A simple decision tree diagram — top asks "what is your real bottleneck?" and branches into three paths: "big PRs" leading to SDD, "noisy feedback" leading to GOTCHA, "team misalignment" leading to ATLAS. A fourth branch labeled "none" leads to "just write the code" — flat editorial illustration

Before adding any framework, ask one question:

What is our actual bottleneck right now?

Not “what could go wrong?”. Not “what do other teams use?”. What is slowing us down, this month, measurably? Answer that first. Then pick the framework that fits.
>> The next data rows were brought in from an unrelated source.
lemma C2_bounded_cmult:
  assumes "C2_bounded f A"
  shows "C2_bounded (\<lambda>x. c * f x) (\<bar>c\<bar> * A)"
proof -
  obtain f' f'' where f: "\<And>x. (f has_real_derivative f' x) (at x)"
    "\<And>x. (f' has_real_derivative f'' x) (at x)" "\<And>x. \<bar>f' x\<bar> \<le> A" "\<And>x. \<bar>f'' x\<bar> \<le> A"
    using assms by (erule C2_boundedE)
  show ?thesis
    by (rule C2_boundedI[where f' = "\<lambda>x. c * f' x" and f'' = "\<lambda>x. c * f'' x"])
      (use f in \<open>auto intro!: derivative_eq_intros mult_left_mono simp: abs_mult\<close>)
qed

lemma C2_bounded_perturbed_id:
  assumes "C2_bounded g B" "\<bar>c\<bar> \<le> 1"
  shows "C2_bounded (\<lambda>x. x - c * g x) (1 + B)"
proof -
  obtain g' g'' where g: "\<And>x. (g has_real_derivative g' x) (at x)"
    "\<And>x. (g' has_real_derivative g'' x) (at x)" "\<And>x. \<bar>g' x\<bar> \<le> B" "\<And>x. \<bar>g'' x\<bar> \<le> B"
    using assms(1) by (erule C2_boundedE)
  have cg: "\<bar>c * g' x\<bar> \<le> B" "\<bar>c * g'' x\<bar> \<le> B" for x
    using mult_mono[OF assms(2) g(3)] mult_mono[OF assms(2) g(4)] by (simp_all add: abs_mult)
  show ?thesis
  proof (rule C2_boundedI[where f' = "\<lambda>x. 1 - c * g' x" and f'' = "\<lambda>x. - c * g'' x"])
    show "\<bar>1 - c * g' x\<bar> \<le> 1 + B" "\<bar>- c * g'' x\<bar> \<le> 1 + B" for x
      using cg[of x] by auto
  qed (use g in \<open>auto intro!: derivative_eq_intros\<close>)
qed

lemma C2_bounded_compose:
  assumes "C2_bounded f A" "C2_bounded g B"
  shows "C2_bounded (\<lambda>x. f (g x)) (A * B * (B + 1))"
proof -
  obtain f' f'' where f: "\<And>x. (f has_real_derivative f' x) (at x)"
    "\<And>x. (f' has_real_derivative f'' x) (at x)" "\<And>x. \<bar>f' x\<bar> \<le> A" "\<And>x. \<bar>f'' x\<bar> \<le> A"
    using assms(1) by (erule C2_boundedE)
  obtain g' g'' where g: "\<And>x. (g has_real_derivative g' x) (at x)"
    "\<And>x. (g' has_real_derivative g'' x) (at x)" "\<And>x. \<bar>g' x\<bar> \<le> B" "\<And>x. \<bar>g'' x\<bar> \<le> B"
    using assms(2) by (erule C2_boundedE)
  have A: "0 \<le> A" and B: "0 \<le> B"
    using assms by (simp_all add: C2_bounded_nonneg)
  have chain: "((\<lambda>x. f (g x)) has_real_derivative f' (g x) * g' x) (at x)" for x
    using DERIV_chain2[OF f(1) g(1)] .
  have chain': "((\<lambda>x. f' (g x) * g' x) has_real_derivative
      f'' (g x) * (g' x * g' x) + f' (g x) * g'' x) (at x)" for x
    using DERIV_mult[OF DERIV_chain2[OF f(2) g(1)] g(2)]
    by (rule DERIV_cong) (simp add: algebra_simps)
  have g'2: "\<bar>g' x * g' x\<bar> \<le> B * B" for x
    using mult_mono[OF g(3)[of x] g(3)[of x]] by (simp add: abs_mult B)
  have first: "\<bar>f' (g x) * g' x\<bar> \<le> A * B" for x
    using mult_mono[OF f(3)[of "g x"] g(3)[of x]] by (simp add: abs_mult A)
  have terms: "\<bar>f'' (g x) * (g' x * g' x)\<bar> \<le> A * (B * B)" "\<bar>f' (g x) * g'' x\<bar> \<le> A * B" for x
    using mult_mono[OF f(4)[of "g x"] g'2[of x]] mult_mono[OF f(3)[of "g x"] g(4)[of x]]
    by (simp_all add: abs_mult A)
  have "A * (B * B) + A * B = A * B * (B + 1)"
    by (simp add: algebra_simps)
  then have second: "\<bar>f'' (g x) * (g' x * g' x) + f' (g x) * g'' x\<bar> \<le> A * B * (B + 1)" for x
    using abs_triangle_ineq[of "f'' (g x) * (g' x * g' x)" "f' (g x) * g'' x"] terms[of x] by linarith
  have "A * B \<le> A * B * (B + 1)"
    using mult_left_mono[of 1 "B + 1" "A * B"] A B by simp
  then show ?thesis
    using first second by (intro C2_boundedI[OF chain chain']) (auto intro: order_trans)
qed

definition rk_slope :: "(real \<Rightarrow> real \<Rightarrow> real) \<Rightarrow> real \<Rightarrow> real \<Rightarrow> real \<Rightarrow> real" where
  "rk_slope u tn1 dt x =
     (let k1 = u x tn1;
          k2 = u (x - dt / 2 * k1) (tn1 - dt / 2);
          k3 = u (x - dt * (- k1 + 2 * k2)) (tn1 - dt)
      in (k1 + 4 * k2 + k3) / 6)"

lemma rk_map_eq_slope: "rk_map u tn1 dt = (\<lambda>x. x - dt * rk_slope u tn1 dt x)"
  by (simp add: fun_eq_iff rk_map_def rk_slope_def Let_def)

lemma C2_bounded_rk_slope:
  assumes u: "\<And>s. s \<in> {0..T} \<Longrightarrow> C2_bounded (\<lambda>x. u x s) K"
  obtains M where "\<And>t dt. 0 \<le> dt \<Longrightarrow> dt \<le> 1 \<Longrightarrow> 0 \<le> t - dt \<Longrightarrow> t \<le> T \<Longrightarrow>
    C2_bounded (rk_slope u t dt) M"
proof -
  define B2 where "B2 = 1 + K"
  define A2 where "A2 = K * B2 * (B2 + 1)"
  define B3 where "B3 = 1 + (K + 2 * A2)"
  define A3 where "A3 = K * B3 * (B3 + 1)"
  have "C2_bounded (rk_slope u t dt) ((K + 4 * A2 + A3) / 6)"
    if dt: "0 \<le> dt" "dt \<le> 1" and t: "0 \<le> t - dt" "t \<le> T" for t dt
  proof -
    have times: "t \<in> {0..T}" "t - dt / 2 \<in> {0..T}" "t - dt \<in> {0..T}"
      using dt t by auto
    define k1 where "k1 = (\<lambda>x. u x t)"
    define k2 where "k2 = (\<lambda>x. u (x - dt / 2 * k1 x) (t - dt / 2))"
    define k3 where "k3 = (\<lambda>x. u (x - dt * (- k1 x + 2 * k2 x)) (t - dt))"
    have k1: "C2_bounded k1 K"
      unfolding k1_def using u[OF times(1)] .
    have k2: "C2_bounded k2 A2"
      unfolding k2_def A2_def B2_def
      using C2_bounded_compose[OF u[OF times(2)] C2_bounded_perturbed_id[OF k1, of "dt / 2"]] dt by simp
    have g3: "C2_bounded (\<lambda>x. - k1 x + 2 * k2 x) (K + 2 * A2)"
      using C2_bounded_add[OF C2_bounded_cmult[OF k1, of "- 1"] C2_bounded_cmult[OF k2, of 2]] by simp
    have k3: "C2_bounded k3 A3"
      unfolding k3_def A3_def B3_def
      using C2_bounded_compose[OF u[OF times(3)] C2_bounded_perturbed_id[OF g3, of dt]] dt by simp
    have "rk_slope u t dt = (\<lambda>x. 1 / 6 * (k1 x + 4 * k2 x + k3 x))"
      by (simp add: fun_eq_iff rk_slope_def Let_def k1_def k2_def k3_def)
    then show ?thesis
      using C2_bounded_cmult[OF C2_bounded_add[OF C2_bounded_add[OF k1 C2_bounded_cmult[OF k2, of 4]] k3],
          of "1 / 6"]
      by simp
  qed
  then show thesis
    using that by blast
qed

lemma W_semi_perturbed_id:
  assumes g: "C2_bounded g M" and c: "0 \<le> c"
  shows "1 - c * M \<le> W_semi 1 (\<lambda>x. x - c * g x)"
    and "W_semi 1 (\<lambda>x. x - c * g x) \<le> 1 + c * M"
    and "W_semi 2 (\<lambda>x. x - c * g x) \<le> c * M"
proof -
  obtain g' g'' where g': "\<And>x. (g has_real_derivative g' x) (at x)"
    "\<And>x. (g' has_real_derivative g'' x) (at x)" "\<And>x. \<bar>g' x\<bar> \<le> M" "\<And>x. \<bar>g'' x\<bar> \<le> M"
    using g by (erule C2_boundedE)
  have "deriv (\<lambda>x. x - c * g x) = (\<lambda>x. 1 - c * g' x)"
    by (rule ext, rule DERIV_imp_deriv) (use g' in \<open>auto intro!: derivative_eq_intros\<close>)
  moreover have "deriv (\<lambda>x. 1 - c * g' x) = (\<lambda>x. - c * g'' x)"
    by (rule ext, rule DERIV_imp_deriv) (use g' in \<open>auto intro!: derivative_eq_intros\<close>)
  ultimately have W1: "W_semi 1 (\<lambda>x. x - c * g x) = (SUP x. \<bar>1 - c * g' x\<bar>)"
    and W2: "W_semi 2 (\<lambda>x. x - c * g x) = (SUP x. \<bar>c * g'' x\<bar>)"
    by (simp_all add: W_semi_def numeral_2_eq_2)
  have cg: "\<bar>c * g' x\<bar> \<le> c * M" "\<bar>c * g'' x\<bar> \<le> c * M" for x
    using mult_left_mono[OF g'(3) c] mult_left_mono[OF g'(4) c] c by (simp_all add: abs_mult)
  have upper: "\<bar>1 - c * g' x\<bar> \<le> 1 + c * M" for x
    using abs_triangle_ineq4[of 1 "c * g' x"] cg(1)[of x] by simp
  have "1 - c * M \<le> \<bar>1 - c * g' 0\<bar>"
    using abs_le_D1[OF cg(1)[of 0]] abs_ge_self[of "1 - c * g' 0"] by linarith
  also have "\<dots> \<le> (SUP x. \<bar>1 - c * g' x\<bar>)"
    by (rule cSUP_upper) (use upper in \<open>auto intro: bdd_aboveI2[where M = "1 + c * M"]\<close>)
  finally show "1 - c * M \<le> W_semi 1 (\<lambda>x. x - c * g x)"
    unfolding W1 .
  show "W_semi 1 (\<lambda>x. x - c * g x) \<le> 1 + c * M"
    unfolding W1 by (rule cSUP_least) (use upper in auto)
  show "W_semi 2 (\<lambda>x. x - c * g x) \<le> c * M"
    unfolding W2 by (rule cSUP_least) (use cg in auto)
qed

lemma inverse_one_plus_le_one_minus:
  fixes h M C :: real
  assumes "0 \<le> h" "0 \<le> M" "2 * M \<le> C" "C * h \<le> 1 / 2"
  shows "1 / (1 + C * h) \<le> 1 - h * M"
proof -
  have hM: "0 \<le> h * M"
    using assms by simp
  have "h * M * (C * h) \<le> h * M * (1 / 2)"
    using assms hM by (intro mult_left_mono) auto
  moreover have "2 * (h * M) \<le> C * h"
    using mult_right_mono[OF assms(3,1)] by (simp add: algebra_simps)
  moreover have "(1 - h * M) * (1 + C * h) = 1 + C * h - h * M - h * M * (C * h)"
    by (simp add: algebra_simps)
  ultimately have "1 \<le> (1 - h * M) * (1 + C * h)"
    using hM by linarith
  moreover have "0 < 1 + C * h"
    using assms by (simp add: add_pos_nonneg)
  ultimately show ?thesis
    by (simp add: divide_le_eq mult.commute)
qed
Or none.

Here is the map:

Bottleneck	SDD	GOTCHA	ATLAS
PRs too big / scope creep	✅ Primary	⚠️ Indirect	⚠️ Architect step helps
AI reviewer noise / feedback ignored	⚠️ Helps set scope	✅ Primary	❌ Wrong layer
Team not aligned / handoffs drop	❌ Too narrow	❌ Too narrow	✅ Primary
Knowledge not sticking (bus factor 0)	⚠️ Specs help	✅ Tutor mode + learning notes	⚠️ Handoff step helps
Small team, simple app	❌ Overkill	⚠️ Only for repeat tasks	❌ Overkill

Three frameworks. Not one. The art is knowing which one.

EXECUTE

SDD — when it shines, when it fails

Shines on:

Features with clear acceptance criteria
Compliance-driven work (audits, regulations, security)
Teams new to AI that need guardrails
Anything where scope creep is the pattern

Fails on:

Exploratory spikes — you do not know the answer yet, do not pretend you do
Bug fixes under 30 minutes
Tiny refactors
Pure UI tweaks

Anti-pattern — “Spec ceremony”: writing a 200-line spec with Goals, Non-goals, and Acceptance criteria for a 10-line CSS change. I saw a team waste 20% of their sprint capacity on this before someone finally said “just fix the margin”.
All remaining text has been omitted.